■ **WHAT YOU ARE ASKED TO DO**
Transcribe only the lines of the listing below from the one holding "unfolding v'_def by" through the one holding "(u j) = rinner", inclusive, without any change.

·····

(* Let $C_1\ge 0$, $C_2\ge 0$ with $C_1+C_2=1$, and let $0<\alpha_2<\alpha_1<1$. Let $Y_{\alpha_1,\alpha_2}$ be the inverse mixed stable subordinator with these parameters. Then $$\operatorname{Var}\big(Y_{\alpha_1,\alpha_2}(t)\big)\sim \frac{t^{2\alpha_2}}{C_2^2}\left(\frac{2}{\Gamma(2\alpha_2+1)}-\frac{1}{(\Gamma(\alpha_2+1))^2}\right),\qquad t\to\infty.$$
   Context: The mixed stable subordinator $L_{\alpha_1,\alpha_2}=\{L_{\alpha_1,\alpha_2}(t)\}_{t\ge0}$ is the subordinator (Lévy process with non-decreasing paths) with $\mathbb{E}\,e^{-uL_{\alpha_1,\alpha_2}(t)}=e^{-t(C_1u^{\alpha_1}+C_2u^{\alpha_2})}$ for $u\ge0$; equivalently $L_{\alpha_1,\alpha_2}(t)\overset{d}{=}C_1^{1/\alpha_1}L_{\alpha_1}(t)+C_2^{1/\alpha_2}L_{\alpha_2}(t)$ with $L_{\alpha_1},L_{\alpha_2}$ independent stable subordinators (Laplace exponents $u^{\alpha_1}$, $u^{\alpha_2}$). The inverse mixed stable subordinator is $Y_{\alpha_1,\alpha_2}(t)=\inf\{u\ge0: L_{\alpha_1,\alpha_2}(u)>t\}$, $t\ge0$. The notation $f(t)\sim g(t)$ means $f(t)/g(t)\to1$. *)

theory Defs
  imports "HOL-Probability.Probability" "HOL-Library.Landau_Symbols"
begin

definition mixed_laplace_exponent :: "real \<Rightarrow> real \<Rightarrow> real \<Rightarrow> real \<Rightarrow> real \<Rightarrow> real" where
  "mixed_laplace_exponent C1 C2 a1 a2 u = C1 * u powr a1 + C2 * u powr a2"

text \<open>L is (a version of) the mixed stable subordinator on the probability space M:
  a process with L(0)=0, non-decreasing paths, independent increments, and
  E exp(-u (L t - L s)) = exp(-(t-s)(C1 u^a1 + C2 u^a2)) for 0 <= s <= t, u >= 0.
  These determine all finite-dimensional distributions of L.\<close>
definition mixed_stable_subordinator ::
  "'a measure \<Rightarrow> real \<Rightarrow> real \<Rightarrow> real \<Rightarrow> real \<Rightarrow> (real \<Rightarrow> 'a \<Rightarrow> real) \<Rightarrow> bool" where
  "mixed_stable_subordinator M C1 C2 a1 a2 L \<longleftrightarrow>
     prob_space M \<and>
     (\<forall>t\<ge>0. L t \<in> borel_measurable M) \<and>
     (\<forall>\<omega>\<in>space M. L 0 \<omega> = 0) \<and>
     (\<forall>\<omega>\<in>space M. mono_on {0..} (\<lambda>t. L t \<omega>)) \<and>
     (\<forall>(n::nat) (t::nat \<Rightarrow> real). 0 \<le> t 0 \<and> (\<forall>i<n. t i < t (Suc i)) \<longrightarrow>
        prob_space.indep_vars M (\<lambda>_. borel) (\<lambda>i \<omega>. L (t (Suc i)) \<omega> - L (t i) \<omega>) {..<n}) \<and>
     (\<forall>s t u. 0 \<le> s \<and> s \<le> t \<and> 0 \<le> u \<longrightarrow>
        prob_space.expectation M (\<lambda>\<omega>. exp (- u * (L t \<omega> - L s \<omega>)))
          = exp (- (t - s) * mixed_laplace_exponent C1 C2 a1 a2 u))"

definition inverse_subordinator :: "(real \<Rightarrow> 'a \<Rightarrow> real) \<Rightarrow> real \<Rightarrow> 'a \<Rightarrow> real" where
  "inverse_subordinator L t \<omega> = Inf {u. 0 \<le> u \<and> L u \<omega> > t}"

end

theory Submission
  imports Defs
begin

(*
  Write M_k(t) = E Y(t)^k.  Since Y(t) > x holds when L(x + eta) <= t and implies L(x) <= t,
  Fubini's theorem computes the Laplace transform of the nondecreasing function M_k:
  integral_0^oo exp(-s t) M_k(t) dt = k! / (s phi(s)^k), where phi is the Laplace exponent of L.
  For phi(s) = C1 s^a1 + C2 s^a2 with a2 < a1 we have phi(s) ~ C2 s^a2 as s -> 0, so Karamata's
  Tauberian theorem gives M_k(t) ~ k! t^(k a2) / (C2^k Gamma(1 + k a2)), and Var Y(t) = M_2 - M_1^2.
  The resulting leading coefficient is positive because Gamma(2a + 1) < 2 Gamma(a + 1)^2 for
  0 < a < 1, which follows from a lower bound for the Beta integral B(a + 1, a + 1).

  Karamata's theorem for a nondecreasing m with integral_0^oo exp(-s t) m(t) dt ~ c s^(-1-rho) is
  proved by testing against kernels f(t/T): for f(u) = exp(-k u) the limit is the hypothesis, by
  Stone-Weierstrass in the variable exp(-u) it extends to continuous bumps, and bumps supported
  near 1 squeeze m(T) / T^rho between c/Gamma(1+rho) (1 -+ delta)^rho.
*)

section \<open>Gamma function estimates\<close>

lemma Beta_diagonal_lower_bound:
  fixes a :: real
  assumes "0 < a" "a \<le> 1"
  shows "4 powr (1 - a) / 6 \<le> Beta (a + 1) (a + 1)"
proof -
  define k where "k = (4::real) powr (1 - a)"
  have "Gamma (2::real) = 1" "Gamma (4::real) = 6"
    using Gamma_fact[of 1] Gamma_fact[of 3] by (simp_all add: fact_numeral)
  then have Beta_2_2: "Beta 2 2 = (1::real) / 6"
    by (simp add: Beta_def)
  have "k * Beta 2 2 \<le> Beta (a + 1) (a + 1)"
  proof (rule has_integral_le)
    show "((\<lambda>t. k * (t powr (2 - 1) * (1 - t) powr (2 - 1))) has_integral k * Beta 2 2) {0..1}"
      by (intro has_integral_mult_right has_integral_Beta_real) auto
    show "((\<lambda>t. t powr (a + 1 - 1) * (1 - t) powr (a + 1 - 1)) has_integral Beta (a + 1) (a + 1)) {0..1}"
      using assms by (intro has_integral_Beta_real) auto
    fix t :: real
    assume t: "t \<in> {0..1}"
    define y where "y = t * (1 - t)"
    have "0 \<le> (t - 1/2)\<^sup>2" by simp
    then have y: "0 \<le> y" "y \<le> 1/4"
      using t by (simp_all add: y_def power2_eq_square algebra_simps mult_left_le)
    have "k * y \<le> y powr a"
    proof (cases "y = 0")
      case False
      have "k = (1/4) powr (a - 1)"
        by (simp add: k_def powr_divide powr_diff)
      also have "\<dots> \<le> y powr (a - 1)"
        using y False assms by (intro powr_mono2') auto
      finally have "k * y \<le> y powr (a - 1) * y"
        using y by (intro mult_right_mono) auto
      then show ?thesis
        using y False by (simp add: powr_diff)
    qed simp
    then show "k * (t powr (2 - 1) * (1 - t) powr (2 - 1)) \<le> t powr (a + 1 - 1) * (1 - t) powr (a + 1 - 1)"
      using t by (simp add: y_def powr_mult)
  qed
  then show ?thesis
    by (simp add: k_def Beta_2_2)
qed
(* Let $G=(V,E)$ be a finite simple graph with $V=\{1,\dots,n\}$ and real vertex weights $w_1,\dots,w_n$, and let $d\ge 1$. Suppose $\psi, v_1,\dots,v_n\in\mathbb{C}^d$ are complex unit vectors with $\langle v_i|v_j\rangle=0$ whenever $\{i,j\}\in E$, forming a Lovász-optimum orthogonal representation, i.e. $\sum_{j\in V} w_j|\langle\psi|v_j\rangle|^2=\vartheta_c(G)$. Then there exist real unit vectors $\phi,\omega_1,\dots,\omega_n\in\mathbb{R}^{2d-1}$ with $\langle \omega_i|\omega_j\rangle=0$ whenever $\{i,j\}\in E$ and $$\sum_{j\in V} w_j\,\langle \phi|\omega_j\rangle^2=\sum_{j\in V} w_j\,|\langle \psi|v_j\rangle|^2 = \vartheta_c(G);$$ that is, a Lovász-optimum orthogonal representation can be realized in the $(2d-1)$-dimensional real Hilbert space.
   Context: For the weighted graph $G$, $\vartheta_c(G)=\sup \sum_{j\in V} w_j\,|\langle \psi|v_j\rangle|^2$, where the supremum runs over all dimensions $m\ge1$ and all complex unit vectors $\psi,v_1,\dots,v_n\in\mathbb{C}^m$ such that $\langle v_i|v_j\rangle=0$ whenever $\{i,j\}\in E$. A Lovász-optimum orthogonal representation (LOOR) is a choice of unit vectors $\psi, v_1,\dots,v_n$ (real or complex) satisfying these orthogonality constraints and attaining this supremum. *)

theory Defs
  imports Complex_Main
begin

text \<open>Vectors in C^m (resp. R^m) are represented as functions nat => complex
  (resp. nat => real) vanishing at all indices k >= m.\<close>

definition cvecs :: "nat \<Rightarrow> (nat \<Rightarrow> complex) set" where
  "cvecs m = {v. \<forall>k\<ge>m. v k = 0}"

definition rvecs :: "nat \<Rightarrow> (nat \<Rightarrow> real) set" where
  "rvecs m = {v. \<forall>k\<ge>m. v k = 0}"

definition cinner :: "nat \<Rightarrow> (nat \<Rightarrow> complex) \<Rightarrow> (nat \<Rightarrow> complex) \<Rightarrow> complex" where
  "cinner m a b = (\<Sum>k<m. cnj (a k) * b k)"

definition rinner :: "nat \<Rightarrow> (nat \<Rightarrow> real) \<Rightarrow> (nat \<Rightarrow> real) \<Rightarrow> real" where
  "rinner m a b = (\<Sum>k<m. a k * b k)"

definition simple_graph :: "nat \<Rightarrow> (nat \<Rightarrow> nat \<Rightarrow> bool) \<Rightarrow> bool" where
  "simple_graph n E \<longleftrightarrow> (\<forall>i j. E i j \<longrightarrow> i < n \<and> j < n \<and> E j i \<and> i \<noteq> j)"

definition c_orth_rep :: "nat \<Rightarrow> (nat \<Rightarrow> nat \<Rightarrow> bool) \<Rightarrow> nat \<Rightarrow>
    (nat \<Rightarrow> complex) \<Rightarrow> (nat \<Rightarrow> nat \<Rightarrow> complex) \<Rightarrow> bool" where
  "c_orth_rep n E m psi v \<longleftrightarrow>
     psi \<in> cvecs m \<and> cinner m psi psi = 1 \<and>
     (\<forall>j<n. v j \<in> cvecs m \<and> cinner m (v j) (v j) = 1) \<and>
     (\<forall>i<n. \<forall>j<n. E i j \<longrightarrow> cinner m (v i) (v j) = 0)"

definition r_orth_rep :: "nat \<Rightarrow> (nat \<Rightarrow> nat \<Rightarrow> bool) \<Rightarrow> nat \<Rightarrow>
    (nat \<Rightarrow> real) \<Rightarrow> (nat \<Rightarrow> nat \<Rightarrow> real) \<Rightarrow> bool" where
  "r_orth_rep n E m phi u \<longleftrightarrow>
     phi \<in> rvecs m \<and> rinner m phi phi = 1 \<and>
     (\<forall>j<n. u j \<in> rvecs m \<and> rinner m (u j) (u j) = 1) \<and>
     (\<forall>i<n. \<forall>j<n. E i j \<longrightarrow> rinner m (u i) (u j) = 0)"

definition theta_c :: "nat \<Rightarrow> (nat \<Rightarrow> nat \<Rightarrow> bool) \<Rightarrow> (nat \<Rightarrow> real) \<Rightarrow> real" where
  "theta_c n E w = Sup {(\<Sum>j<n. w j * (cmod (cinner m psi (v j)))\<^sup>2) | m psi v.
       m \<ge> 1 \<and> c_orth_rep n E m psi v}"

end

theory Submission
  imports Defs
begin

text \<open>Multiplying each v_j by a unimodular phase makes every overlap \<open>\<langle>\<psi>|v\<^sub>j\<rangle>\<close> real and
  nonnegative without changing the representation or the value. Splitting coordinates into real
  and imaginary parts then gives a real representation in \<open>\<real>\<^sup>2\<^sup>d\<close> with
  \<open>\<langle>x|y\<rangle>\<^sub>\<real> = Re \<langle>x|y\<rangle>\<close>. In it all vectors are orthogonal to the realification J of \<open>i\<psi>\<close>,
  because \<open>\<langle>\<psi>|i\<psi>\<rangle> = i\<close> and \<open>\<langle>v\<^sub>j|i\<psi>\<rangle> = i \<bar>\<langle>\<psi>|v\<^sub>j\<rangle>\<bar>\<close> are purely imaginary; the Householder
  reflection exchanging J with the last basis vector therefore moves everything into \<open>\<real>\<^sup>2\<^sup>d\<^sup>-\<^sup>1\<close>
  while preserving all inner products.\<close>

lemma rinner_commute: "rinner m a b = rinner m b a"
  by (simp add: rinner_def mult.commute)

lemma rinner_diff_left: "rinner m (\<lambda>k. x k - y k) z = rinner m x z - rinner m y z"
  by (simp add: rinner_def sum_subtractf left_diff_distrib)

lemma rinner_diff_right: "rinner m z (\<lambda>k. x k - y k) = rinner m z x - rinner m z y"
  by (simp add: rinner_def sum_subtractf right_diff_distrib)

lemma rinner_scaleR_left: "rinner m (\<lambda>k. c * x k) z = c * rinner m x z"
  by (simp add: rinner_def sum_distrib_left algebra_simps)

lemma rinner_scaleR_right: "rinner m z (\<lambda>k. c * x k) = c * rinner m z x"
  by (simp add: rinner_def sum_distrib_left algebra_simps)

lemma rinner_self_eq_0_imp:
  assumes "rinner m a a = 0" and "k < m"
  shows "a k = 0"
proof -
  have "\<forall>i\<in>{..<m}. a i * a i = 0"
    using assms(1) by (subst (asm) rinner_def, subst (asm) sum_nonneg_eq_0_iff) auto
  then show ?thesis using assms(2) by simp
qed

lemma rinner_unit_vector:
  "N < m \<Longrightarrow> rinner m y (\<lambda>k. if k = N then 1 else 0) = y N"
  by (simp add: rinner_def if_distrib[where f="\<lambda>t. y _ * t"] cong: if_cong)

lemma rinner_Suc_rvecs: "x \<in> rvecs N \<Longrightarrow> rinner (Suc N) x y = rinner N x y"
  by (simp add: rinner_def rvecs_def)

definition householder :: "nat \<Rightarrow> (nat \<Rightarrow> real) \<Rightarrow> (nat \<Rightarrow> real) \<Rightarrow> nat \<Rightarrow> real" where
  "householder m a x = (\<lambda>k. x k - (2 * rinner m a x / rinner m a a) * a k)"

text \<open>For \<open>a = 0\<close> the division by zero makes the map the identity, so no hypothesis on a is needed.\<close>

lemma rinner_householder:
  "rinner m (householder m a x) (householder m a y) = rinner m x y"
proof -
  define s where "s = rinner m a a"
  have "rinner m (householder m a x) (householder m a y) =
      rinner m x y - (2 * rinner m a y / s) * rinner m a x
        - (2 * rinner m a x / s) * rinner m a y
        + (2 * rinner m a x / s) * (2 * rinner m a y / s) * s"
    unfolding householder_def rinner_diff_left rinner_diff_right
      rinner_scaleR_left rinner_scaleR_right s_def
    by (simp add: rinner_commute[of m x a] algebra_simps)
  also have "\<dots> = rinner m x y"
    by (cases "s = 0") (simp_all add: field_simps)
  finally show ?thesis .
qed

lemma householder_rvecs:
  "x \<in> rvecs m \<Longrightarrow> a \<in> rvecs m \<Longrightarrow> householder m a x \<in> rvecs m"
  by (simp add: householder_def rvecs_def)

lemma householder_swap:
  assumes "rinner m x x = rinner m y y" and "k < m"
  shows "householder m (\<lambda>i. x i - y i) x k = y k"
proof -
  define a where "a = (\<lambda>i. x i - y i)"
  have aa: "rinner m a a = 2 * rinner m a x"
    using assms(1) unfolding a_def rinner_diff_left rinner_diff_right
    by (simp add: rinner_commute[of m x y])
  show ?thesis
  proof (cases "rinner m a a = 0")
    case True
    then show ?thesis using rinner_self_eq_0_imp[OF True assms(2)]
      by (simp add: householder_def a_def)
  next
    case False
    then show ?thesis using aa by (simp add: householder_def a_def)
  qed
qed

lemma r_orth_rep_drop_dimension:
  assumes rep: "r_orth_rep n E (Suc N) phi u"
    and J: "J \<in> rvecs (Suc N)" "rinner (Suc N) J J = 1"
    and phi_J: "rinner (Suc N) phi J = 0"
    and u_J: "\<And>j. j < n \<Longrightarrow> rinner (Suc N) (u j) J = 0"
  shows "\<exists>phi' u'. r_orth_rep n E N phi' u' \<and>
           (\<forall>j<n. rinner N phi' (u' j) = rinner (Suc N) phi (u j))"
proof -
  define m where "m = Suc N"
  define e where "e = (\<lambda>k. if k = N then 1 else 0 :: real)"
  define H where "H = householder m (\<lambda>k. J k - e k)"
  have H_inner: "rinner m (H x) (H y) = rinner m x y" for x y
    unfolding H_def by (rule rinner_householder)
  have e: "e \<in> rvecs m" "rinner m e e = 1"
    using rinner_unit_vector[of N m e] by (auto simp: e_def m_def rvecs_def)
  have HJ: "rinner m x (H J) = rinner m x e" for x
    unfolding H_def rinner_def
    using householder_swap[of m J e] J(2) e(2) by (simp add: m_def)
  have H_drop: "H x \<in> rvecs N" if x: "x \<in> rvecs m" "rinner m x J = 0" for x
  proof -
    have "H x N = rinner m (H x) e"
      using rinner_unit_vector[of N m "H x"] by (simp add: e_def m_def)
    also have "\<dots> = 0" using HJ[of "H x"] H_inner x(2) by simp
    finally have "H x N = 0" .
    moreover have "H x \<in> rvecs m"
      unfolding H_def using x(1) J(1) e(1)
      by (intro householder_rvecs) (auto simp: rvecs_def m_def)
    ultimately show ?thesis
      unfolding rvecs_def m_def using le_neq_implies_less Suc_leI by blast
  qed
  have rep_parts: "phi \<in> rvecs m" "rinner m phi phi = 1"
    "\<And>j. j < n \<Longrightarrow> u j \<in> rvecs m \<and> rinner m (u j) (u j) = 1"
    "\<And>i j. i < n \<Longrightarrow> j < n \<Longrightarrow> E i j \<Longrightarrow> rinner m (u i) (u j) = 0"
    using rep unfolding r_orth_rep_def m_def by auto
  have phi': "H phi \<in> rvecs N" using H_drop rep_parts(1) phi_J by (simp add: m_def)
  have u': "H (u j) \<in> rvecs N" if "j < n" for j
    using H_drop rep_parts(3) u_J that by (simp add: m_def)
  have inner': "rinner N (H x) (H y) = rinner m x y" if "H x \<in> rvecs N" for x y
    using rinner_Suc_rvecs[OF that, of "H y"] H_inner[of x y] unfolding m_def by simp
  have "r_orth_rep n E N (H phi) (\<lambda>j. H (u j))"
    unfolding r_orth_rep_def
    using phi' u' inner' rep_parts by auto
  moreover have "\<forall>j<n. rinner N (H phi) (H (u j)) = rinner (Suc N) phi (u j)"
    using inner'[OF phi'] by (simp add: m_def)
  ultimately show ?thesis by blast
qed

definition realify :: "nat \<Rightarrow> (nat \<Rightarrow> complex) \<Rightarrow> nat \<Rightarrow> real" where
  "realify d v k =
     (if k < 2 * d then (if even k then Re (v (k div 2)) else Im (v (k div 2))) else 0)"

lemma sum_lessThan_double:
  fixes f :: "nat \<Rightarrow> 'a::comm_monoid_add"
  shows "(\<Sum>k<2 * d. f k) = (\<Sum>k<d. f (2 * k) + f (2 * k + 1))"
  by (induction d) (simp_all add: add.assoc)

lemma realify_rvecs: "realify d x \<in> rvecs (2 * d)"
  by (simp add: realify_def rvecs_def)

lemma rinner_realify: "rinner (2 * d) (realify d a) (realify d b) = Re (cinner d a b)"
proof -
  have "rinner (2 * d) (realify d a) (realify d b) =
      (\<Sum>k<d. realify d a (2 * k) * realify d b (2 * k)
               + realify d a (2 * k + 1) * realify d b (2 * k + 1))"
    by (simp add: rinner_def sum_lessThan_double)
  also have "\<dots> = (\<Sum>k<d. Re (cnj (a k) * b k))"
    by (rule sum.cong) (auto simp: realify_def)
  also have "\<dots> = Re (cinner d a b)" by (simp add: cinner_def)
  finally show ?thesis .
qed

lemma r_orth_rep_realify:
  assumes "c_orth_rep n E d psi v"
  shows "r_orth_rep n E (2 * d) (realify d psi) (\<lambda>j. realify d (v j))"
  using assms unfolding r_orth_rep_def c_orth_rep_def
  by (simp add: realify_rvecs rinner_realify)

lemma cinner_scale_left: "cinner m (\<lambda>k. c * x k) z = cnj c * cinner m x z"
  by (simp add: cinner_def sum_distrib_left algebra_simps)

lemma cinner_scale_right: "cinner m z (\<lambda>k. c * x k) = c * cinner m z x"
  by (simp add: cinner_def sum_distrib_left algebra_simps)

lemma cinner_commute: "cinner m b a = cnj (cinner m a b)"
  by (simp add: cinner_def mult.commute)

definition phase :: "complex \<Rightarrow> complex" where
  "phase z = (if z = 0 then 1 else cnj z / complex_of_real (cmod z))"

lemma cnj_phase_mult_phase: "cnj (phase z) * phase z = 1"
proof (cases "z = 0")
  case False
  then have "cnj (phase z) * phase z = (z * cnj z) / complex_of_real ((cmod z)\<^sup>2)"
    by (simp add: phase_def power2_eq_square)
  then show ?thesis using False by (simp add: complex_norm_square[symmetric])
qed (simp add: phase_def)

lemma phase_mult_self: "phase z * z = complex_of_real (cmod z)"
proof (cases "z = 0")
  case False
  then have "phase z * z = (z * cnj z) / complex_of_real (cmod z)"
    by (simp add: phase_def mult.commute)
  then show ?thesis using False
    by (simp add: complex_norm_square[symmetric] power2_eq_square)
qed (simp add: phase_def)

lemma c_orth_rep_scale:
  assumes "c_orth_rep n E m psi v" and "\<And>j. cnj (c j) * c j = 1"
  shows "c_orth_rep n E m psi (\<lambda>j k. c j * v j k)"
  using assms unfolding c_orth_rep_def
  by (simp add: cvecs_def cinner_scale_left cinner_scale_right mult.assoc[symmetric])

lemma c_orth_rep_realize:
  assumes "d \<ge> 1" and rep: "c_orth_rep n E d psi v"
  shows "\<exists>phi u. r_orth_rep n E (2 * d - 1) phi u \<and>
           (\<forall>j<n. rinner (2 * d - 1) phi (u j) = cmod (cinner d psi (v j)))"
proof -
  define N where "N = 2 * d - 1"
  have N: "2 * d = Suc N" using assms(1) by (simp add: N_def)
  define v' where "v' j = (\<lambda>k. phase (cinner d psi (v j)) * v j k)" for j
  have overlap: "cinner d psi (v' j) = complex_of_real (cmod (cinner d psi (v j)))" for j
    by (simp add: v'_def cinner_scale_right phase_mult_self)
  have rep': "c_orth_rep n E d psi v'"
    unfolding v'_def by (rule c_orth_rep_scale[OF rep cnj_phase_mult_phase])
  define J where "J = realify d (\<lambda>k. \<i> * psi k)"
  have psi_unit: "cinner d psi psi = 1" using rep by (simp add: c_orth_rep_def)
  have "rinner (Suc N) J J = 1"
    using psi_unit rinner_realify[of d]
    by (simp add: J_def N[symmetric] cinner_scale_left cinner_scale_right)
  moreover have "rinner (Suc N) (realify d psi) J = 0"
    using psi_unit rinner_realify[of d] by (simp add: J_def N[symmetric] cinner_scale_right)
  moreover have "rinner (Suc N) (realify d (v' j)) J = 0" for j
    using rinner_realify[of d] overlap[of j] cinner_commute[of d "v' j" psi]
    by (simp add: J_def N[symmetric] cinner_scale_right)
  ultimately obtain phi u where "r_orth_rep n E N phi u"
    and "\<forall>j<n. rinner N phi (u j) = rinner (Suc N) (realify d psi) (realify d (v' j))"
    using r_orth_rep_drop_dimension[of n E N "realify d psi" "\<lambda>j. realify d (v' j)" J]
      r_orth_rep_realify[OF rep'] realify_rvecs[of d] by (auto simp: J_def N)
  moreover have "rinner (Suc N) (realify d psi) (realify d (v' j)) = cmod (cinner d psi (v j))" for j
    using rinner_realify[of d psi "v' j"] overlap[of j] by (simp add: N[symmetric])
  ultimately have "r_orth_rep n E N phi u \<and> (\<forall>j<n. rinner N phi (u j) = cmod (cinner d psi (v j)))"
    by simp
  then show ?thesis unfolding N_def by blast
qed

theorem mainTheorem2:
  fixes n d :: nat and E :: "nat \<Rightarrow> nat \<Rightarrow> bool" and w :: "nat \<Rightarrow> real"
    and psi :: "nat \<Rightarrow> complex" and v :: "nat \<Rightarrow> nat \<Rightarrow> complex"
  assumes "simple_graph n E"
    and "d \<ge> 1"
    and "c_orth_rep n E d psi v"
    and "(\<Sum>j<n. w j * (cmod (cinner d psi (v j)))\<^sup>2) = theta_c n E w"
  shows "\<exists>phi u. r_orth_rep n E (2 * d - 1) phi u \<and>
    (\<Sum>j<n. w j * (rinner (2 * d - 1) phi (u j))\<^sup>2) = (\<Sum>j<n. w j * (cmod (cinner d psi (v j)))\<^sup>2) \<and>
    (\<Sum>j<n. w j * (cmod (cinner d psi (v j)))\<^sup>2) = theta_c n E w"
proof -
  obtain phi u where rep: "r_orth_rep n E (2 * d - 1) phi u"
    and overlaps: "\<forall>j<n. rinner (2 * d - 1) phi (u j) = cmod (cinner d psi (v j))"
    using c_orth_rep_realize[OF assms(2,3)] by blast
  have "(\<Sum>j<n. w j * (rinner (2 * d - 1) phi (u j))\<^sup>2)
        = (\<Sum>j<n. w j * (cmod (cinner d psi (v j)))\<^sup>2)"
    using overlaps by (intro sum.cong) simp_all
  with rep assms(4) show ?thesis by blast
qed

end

·····

■ **WORKED SOLUTION**
    unfolding v'_def by (rule c_orth_rep_scale[OF rep cnj_phase_mult_phase])
  define J where "J = realify d (\<lambda>k. \<i> * psi k)"
  have psi_unit: "cinner d psi psi = 1" using rep by (simp add: c_orth_rep_def)
  have "rinner (Suc N) J J = 1"
    using psi_unit rinner_realify[of d]
    by (simp add: J_def N[symmetric] cinner_scale_left cinner_scale_right)
  moreover have "rinner (Suc N) (realify d psi) J = 0"
    using psi_unit rinner_realify[of d] by (simp add: J_def N[symmetric] cinner_scale_right)
  moreover have "rinner (Suc N) (realify d (v' j)) J = 0" for j
    using rinner_realify[of d] overlap[of j] cinner_commute[of d "v' j" psi]
    by (simp add: J_def N[symmetric] cinner_scale_right)
  ultimately obtain phi u where "r_orth_rep n E N phi u"
    and "\<forall>j<n. rinner N phi (u j) = rinner (Suc N) (realify d psi) (realify d (v' j))"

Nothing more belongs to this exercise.